▶ **Data excerpts**:
★ ★ ★ ★

lemma sum_ln_steps_vs_ideal:
  assumes b: "\<beta> > 0" and v: "1 \<le> v" "v \<le> e"
  shows "\<bar>(\<Sum>s\<in>{v..<e}. ln (1 + 1 / denom \<beta> s)) - (1 / (2 + \<beta>)) * (ln (real e) - ln (real v))\<bar>
       \<le> 2 * log_step_const \<beta> / real v"
proof -
  define g where "g = 1 / (2 + \<beta>)"
  have "(\<Sum>s\<in>{v..<e}. ln (1 + 1 / denom \<beta> s)) - g * (ln (real e) - ln (real v))
      = (\<Sum>s\<in>{v..<e}. ln (1 + 1 / denom \<beta> s) - g * ln (1 + 1 / real s))"
    unfolding sum_ln_telescope[OF v, symmetric] sum_subtractf sum_distrib_left ..
  also have "\<bar>\<dots>\<bar> \<le> (\<Sum>s\<in>{v..<e}. \<bar>ln (1 + 1 / denom \<beta> s) - g * ln (1 + 1 / real s)\<bar>)"
    by (rule sum_abs)
  also have "\<dots> \<le> (\<Sum>s\<in>{v..<e}. log_step_const \<beta> * (1 / real s ^ 2))"
    by (rule sum_mono) (use ln_step_vs_ideal[OF b] v in \<open>auto simp: g_def\<close>)
  also have "\<dots> = log_step_const \<beta> * (\<Sum>s\<in>{v..<e}. 1 / real s ^ 2)" by (simp add: sum_distrib_left)
  also have "\<dots> \<le> log_step_const \<beta> * (2 / real v)"
    by (rule mult_left_mono) (use sum_inverse_squares[OF v(1)] b in \<open>auto simp: log_step_const_def\<close>)
  finally show ?thesis unfolding g_def by (simp add: mult.commute)
qed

★ ★ ★ ★

▶ **Aim of the task**: A single number is expected: how many lines in the material above contain the word "open".

▶ **Exercise solution**: 2